Various analogous statutes also proscribe unauthorized departures from situations not involving strictly criminal incarceration. Unsanctioned absence by a judicially committed patient from a mental institution has been characterized as escape. N.J.S.A. 30:7B--5 (1956); N.J.S.A. 30:4--116 (1924). See State v. LeVien, 82 N.J.Super. 29, 196 A.2d 546 (Law Div.1963), in which the court intimated that any attempt to leave the institution by a judicially committed mental patient would be met by force. See also Drew v. Thaw, 235 U.S. 432, 35 S.Ct. 137, 59 L.Ed. 302 (1914); Slagle v. State, 243 Md. 435, 221 A.2d 641 (Ct.App.1966); Cf. Frazier v. United States, 119 U.S.App.D.C. 246, 339 F.2d 745 (D.C.Cir. 1964); Zimmer v. State, 247 N.E.2d 195 (Ind.Sup.Ct.1969); Contra, State v. Burris, 346 S.W.2d 61 (Mo.Sup.Ct.1961). For cases finding defendant guilty of escape upon absconding from a hospital to which he was transferred from prison, see United States v. Perez, 457 F.2d 555 (6 Cir. 1972); Tucker v. United States, 251 F.2d 794 (9 Cir. 1958); State v. Adams, 4 Ariz.App. 298, 419 P.2d 739 (Ct.App.1966); People v. Armstrong, 188 Cal.App.2d 745, 10 Cal.Rptr. 618 (D.Ct.App.1961); Best v. Warden, 235 Md. 633, 201 A.2d 490 (Ct.App.1964); Contra, Goodman v. State, 96 Ariz. 139, 393 P.2d 148 (Sup.Ct.1964).

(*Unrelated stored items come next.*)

lemma cert_verifier_cong:
  assumes PQ: "\<forall>u\<in>closed_nbhd G v. P u = Q u"
  shows "cert_verifier C G P v = cert_verifier C G Q v"
proof -
  have Pv: "P v = Q v" using PQ by (simp add: closed_nbhd_def)
  have "(\<forall>u\<in>closed_nbhd G v. P u \<in> encode C ` Collect (valid_label C) \<and>
        lab_global (decode C (P u)) = lab_global (decode C (P v))) \<longleftrightarrow>
      (\<forall>u\<in>closed_nbhd G v. Q u \<in> encode C ` Collect (valid_label C) \<and>
        lab_global (decode C (Q u)) = lab_global (decode C (Q v)))"
    by (rule ball_cong) (simp_all add: PQ Pv)
  moreover have "bij_betw (\<lambda>u. lab_pos (decode C (P u))) (closed_nbhd G v - {v}) B \<longleftrightarrow>
      bij_betw (\<lambda>u. lab_pos (decode C (Q u))) (closed_nbhd G v - {v}) B" for B
    by (rule bij_betw_cong) (simp add: PQ)
  ultimately show ?thesis by (simp only: cert_verifier_def Pv)
qed

lemma local_cert_verifier: "local_verifier (cert_verifier C)"
  unfolding local_verifier_def
proof (intro allI impI)
  fix G H :: graph and P Q :: certs and v
  assume N: "closed_nbhd G v = closed_nbhd H v" and PQ: "\<forall>u\<in>closed_nbhd G v. P u = Q u"
  have "cert_verifier C G P v = cert_verifier C G Q v" using PQ by (rule cert_verifier_cong)
  also have "\<dots> = cert_verifier C H Q v" by (simp only: cert_verifier_def N)
  finally show "cert_verifier C G P v = cert_verifier C H Q v" .
qed

definition canonical_iso :: "graph set \<Rightarrow> graph \<Rightarrow> nat \<times> (nat \<Rightarrow> nat)" where
  "canonical_iso C G = (SOME (j, g). j < num_iso_classes C (card (fst G)) \<and>
     iso_map g G (class_rep C (card (fst G)) j))"

lemma canonical_iso:
  assumes "graph_class C" "G \<in> C" "canonical_iso C G = (j, g)"
  shows "j < num_iso_classes C (card (fst G))" and "iso_map g G (class_rep C (card (fst G)) j)"
proof -
  have "\<exists>p. case p of (j, g) \<Rightarrow> j < num_iso_classes C (card (fst G)) \<and>
      iso_map g G (class_rep C (card (fst G)) j)"
    using ex_graph_iso_class_rep[OF assms(1,2)] by (auto simp: graph_iso_iff_iso_map)
  then have "case canonical_iso C G of (j, g) \<Rightarrow> j < num_iso_classes C (card (fst G)) \<and>
      iso_map g G (class_rep C (card (fst G)) j)"
    unfolding canonical_iso_def by (rule someI_ex)
  then show "j < num_iso_classes C (card (fst G))" and "iso_map g G (class_rep C (card (fst G)) j)"
    using assms(3) by simp_all
qed

definition cert_prover :: "graph set \<Rightarrow> prover" where
  "cert_prover C G u = (case canonical_iso C G of (j, g) \<Rightarrow>
     encode C (Label (card (fst G)) j (inv_into (fst G) g 0) (g u)))"

lemma decode_cert_prover:
  assumes C: "graph_class C" and G: "G \<in> C" and jg: "canonical_iso C G = (j, g)"
    and u: "u \<in> fst G"
  shows "cert_prover C G u \<in> encode C ` Collect (valid_label C)"
    and "decode C (cert_prover C G u) = Label (card (fst G)) j (inv_into (fst G) g 0) (g u)"
proof -
  have "g u \<in> fst (class_rep C (card (fst G)) j)"
    using canonical_iso[OF C G jg] u by (auto simp: iso_map_def bij_betw_def)
  then have "valid_label C (Label (card (fst G)) j (inv_into (fst G) g 0) (g u))"
    using canonical_iso(1)[OF C G jg] class_rep(2)[OF C] by (simp add: valid_label_def)
  then show "cert_prover C G u \<in> encode C ` Collect (valid_label C)"
    and "decode C (cert_prover C G u) = Label (card (fst G)) j (inv_into (fst G) g 0) (g u)"
    using jg by (simp_all add: cert_prover_def decode_encode)
qed

lemma cert_verifier_accepts_prover:
  assumes C: "graph_class C" and G: "G \<in> C" and v: "v \<in> fst G"
  shows "cert_verifier C G (cert_prover C G) v"
proof -
  let ?n = "card (fst G)"
  obtain j g where jg: "canonical_iso C G = (j, g)" by fastforce
  define H where "H = class_rep C ?n j"
  define r where "r = inv_into (fst G) g 0"
  note dec = decode_cert_prover[OF C G jg, folded r_def]
  have j: "j < num_iso_classes C ?n" and g: "iso_map g G H"
    using canonical_iso[OF C G jg] by (simp_all add: H_def)
  have ig: "is_graph G" using graph_class_is_graph[OF C G] .
  have iH: "is_graph H" using graph_class_is_graph[OF C] class_rep(1)[OF C j] by (simp add: H_def)
  have "bij_betw g (nbrs G v) (nbrs H (g v))"
    using iso_map_imp_graph_covering[OF ig iH g] v by (simp add: graph_covering_def)
  moreover have "bij_betw (\<lambda>u. lab_pos (decode C (cert_prover C G u))) (nbrs G v) (nbrs H (g v)) =
      bij_betw g (nbrs G v) (nbrs H (g v))"
    by (rule bij_betw_cong) (use dec(2) nbrs_subset[OF ig] in fastforce)
  ultimately have "bij_betw (\<lambda>u. lab_pos (decode C (cert_prover C G u))) (closed_nbhd G v - {v})
      (nbrs H (g v))"
    using closed_nbhd_minus_self[OF ig] by simp
  moreover have "g v = 0 \<longrightarrow> v = r"
    using g v by (metis iso_map_def bij_betw_def inv_into_f_f r_def)
  ultimately show ?thesis
    unfolding cert_verifier_def
  proof (intro conjI ballI)
    fix u assume "u \<in> closed_nbhd G v"
    then have u: "u \<in> fst G" using closed_nbhd_subset[OF ig v] by blast
    show "cert_prover C G u \<in> encode C ` Collect (valid_label C)" using dec(1)[OF u] .
    show "lab_global (decode C (cert_prover C G u)) = lab_global (decode C (cert_prover C G v))"
      using dec(2)[OF u] dec(2)[OF v] by (simp add: lab_global_def)
  qed (use dec(2)[OF v] in \<open>simp_all add: H_def\<close>)
qed

lemma accepted_labels_covering:
  assumes C: "graph_class C" and G: "connected_graph G"
    and acc: "\<forall>v\<in>fst G. cert_verifier C G P v"
  shows "\<exists>n j r. j < num_iso_classes C n \<and> 0 < n \<and>
    graph_covering (\<lambda>u. lab_pos (decode C (P u))) G (class_rep C n j) \<and>
    (\<forall>x\<in>fst G. lab_pos (decode C (P x)) = 0 \<longrightarrow> x = r)"
proof -
  have ig: "is_graph G" using G by (simp add: connected_graph_def)
  obtain v0 where v0: "v0 \<in> fst G" using ig by (auto simp: is_graph_def)
  define L where "L u = decode C (P u)" for u
  have accL: "(\<forall>w\<in>closed_nbhd G u. P w \<in> encode C ` Collect (valid_label C) \<and>
        lab_global (L w) = lab_global (L u)) \<and>
      (lab_pos (L u) = 0 \<longrightarrow> u = lab_root (L u)) \<and>
      bij_betw (\<lambda>w. lab_pos (L w)) (nbrs G u) (nbrs (class_rep C (lab_size (L u)) (lab_class (L u))) (lab_pos (L u)))"
    if "u \<in> fst G" for u
    using acc[rule_format, OF that] closed_nbhd_minus_self[OF ig, of u]
    by (simp add: cert_verifier_def L_def)
  have valid: "valid_label C (L u)" if "u \<in> fst G" for u
    using accL[OF that] valid_decode by (auto simp: L_def closed_nbhd_def)
  have global: "lab_global (L u) = lab_global (L v0)" if "u \<in> fst G" for u
  proof (rule connected_graph_const[OF G _ v0 that])
    fix a b assume ab: "(a, b) \<in> snd G"
    then have "a \<in> fst G" "b \<in> closed_nbhd G a" using ig by (auto simp: is_graph_def closed_nbhd_def)
    then show "lab_global (L b) = lab_global (L a)" using accL by blast
  qed
  obtain n j r p0 where L0: "L v0 = Label n j r p0" by (cases "L v0")
  have size_class: "lab_size (L u) = n" "lab_class (L u) = j" and root: "lab_root (L u) = r"
    if "u \<in> fst G" for u
    using global[OF that] L0 by (simp_all add: lab_global_def)
  have j: "j < num_iso_classes C n" and n: "0 < n"
    using valid[OF v0] L0 by (simp_all add: valid_label_def)
  moreover have "graph_covering (\<lambda>u. lab_pos (L u)) G (class_rep C n j)"
    unfolding graph_covering_def
  proof (intro conjI ballI)
    show "(\<lambda>u. lab_pos (L u)) ` fst G \<subseteq> fst (class_rep C n j)"
      using valid size_class class_rep(2)[OF C j] by (auto simp: valid_label_def)
    fix u assume u: "u \<in> fst G"
    show "bij_betw (\<lambda>u. lab_pos (L u)) (nbrs G u) (nbrs (class_rep C n j) (lab_pos (L u)))"
      using conjunct2[OF conjunct2[OF accL[OF u]]] size_class[OF u] by simp
  qed
  moreover have "\<forall>x\<in>fst G. lab_pos (L x) = 0 \<longrightarrow> x = r"
    using accL root by simp
  ultimately show ?thesis unfolding L_def by blast
qed

lemma cert_verifier_sound:
  assumes C: "graph_class C" and G: "connected_graph G"
    and acc: "\<forall>v\<in>fst G. cert_verifier C G P v"
  shows "G \<in> C"
proof -
  have ig: "is_graph G" using G by (simp add: connected_graph_def)
  obtain n j r where j: "j < num_iso_classes C n" and "0 < n"
    and cov: "graph_covering (\<lambda>u. lab_pos (decode C (P u))) G (class_rep C n j)"
    and root: "\<forall>x\<in>fst G. lab_pos (decode C (P x)) = 0 \<longrightarrow> x = r"
    using accepted_labels_covering[OF assms] by blast
  define H where "H = class_rep C n j"
  have H: "H \<in> C" "0 \<in> fst H" and cH: "connected_graph H"
    using class_rep[OF C j] graph_class_connected[OF C] \<open>0 < n\<close> by (auto simp: H_def)
  have "inj_on (\<lambda>u. lab_pos (decode C (P u))) (fst G)"
  proof (rule graph_covering_inj[OF ig cH cov[folded H_def] H(2)])
    fix x y assume "x \<in> fst G" "y \<in> fst G"
      and "lab_pos (decode C (P x)) = 0" "lab_pos (decode C (P y)) = 0"
    then show "x = y" using root by blast
  qed
  then have "iso_map (\<lambda>u. lab_pos (decode C (P u))) G H"
    by (rule graph_covering_inj_iso_map[OF ig cH cov[folded H_def]])
  then have "graph_iso H G" using graph_iso_sym graph_iso_iff_iso_map by blast
  then show ?thesis using graph_class_iso_closed[OF C H(1) ig] by blast
qed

Willful failure to remain within the limits of confinement or to promptly return to an assigned facility has also been designated as escape. N.J.S.A. 30:4--91.5 (1969). See Johnsey v. State, 80 Okl.Cr. 84, 157 P.2d 221 (Ct.App.1945); Perry v. State, 80 Okl.Cr. 58, 157 P.2d 217 (Ct.App.1945). See also United States v. Rudinsky, 439 F.2d 1074 (6 Cir. 1971); United States v. Coggins, 398 F.2d 668 (4 Cir. 1968); McCullough v. United States, 369 F.2d 548 (8 Cir. 1966); Nace v. United States, 334 F.2d 235 (8 Cir. 1964); People v. Labrum, 25 Cal.App.3d 105, 101 Cal.Rptr. 602 (D.Ct.App.1972); People v. Perez, 24 Cal.App.3d 340, 100 Cal.Rptr. 834 (D.Ct.App.1972); Contra, United States v. Person, 223 F.Supp. 982 (S.D.Cal.1963).

Absconding from a workhouse, N.J.S.A. 30:8--36 (1877), or from a work release program, N.J.S.A. 30:8--53 (1968), are also punishable as escape. See People v. Smith, 195 Cal.App.2d 789, 16 Cal.Rptr. 111 (D.Ct.App.1961); People v. Hadley, 88 Cal.App.2d 734, 199 P.2d 382 (D.Ct.App.1948); Saylor v. Commonwealth, 122 Ky. 776, 93 S.W. 48 (Ct.App.1906); State v. Putnam, 248 Minn. 182, 79 N.W.2d 273 (Sup.Ct.1956); State v. Baker, 355 Mo. 1048, 199 S.W.2d 393 (Sup.Ct.1947); State v. McInerney, 53 R.I. 203, 165 A. 433 (Sup.Ct.1933). See also, United States v. Hollen, 393 F.2d 479 (4 Cir. 1968); People v. Haskins, 177 Cal.App.2d 84, 2 Cal.Rptr. 34 (D.Ct.App.1960); Gaskill v. State, 1 Storey 107, 51 Del. 107, 138 A.2d 500 (Super.Ct.1958); State v. Rardon, 221 Ind. 154, 46 N.E.2d 605 (Sup.Ct.1943); Cutter v. Buchanan, 286 S.W.2d 902 (Ky.Ct.App.1956); Shifflett v. State, 4 Md.App. 227, 242 A.2d 182 (Ct.App.1968); State ex rel Johnson v. Warden, 196 Md. 672, 75 A.2d 843 (Ct.App.1950); Sweden v....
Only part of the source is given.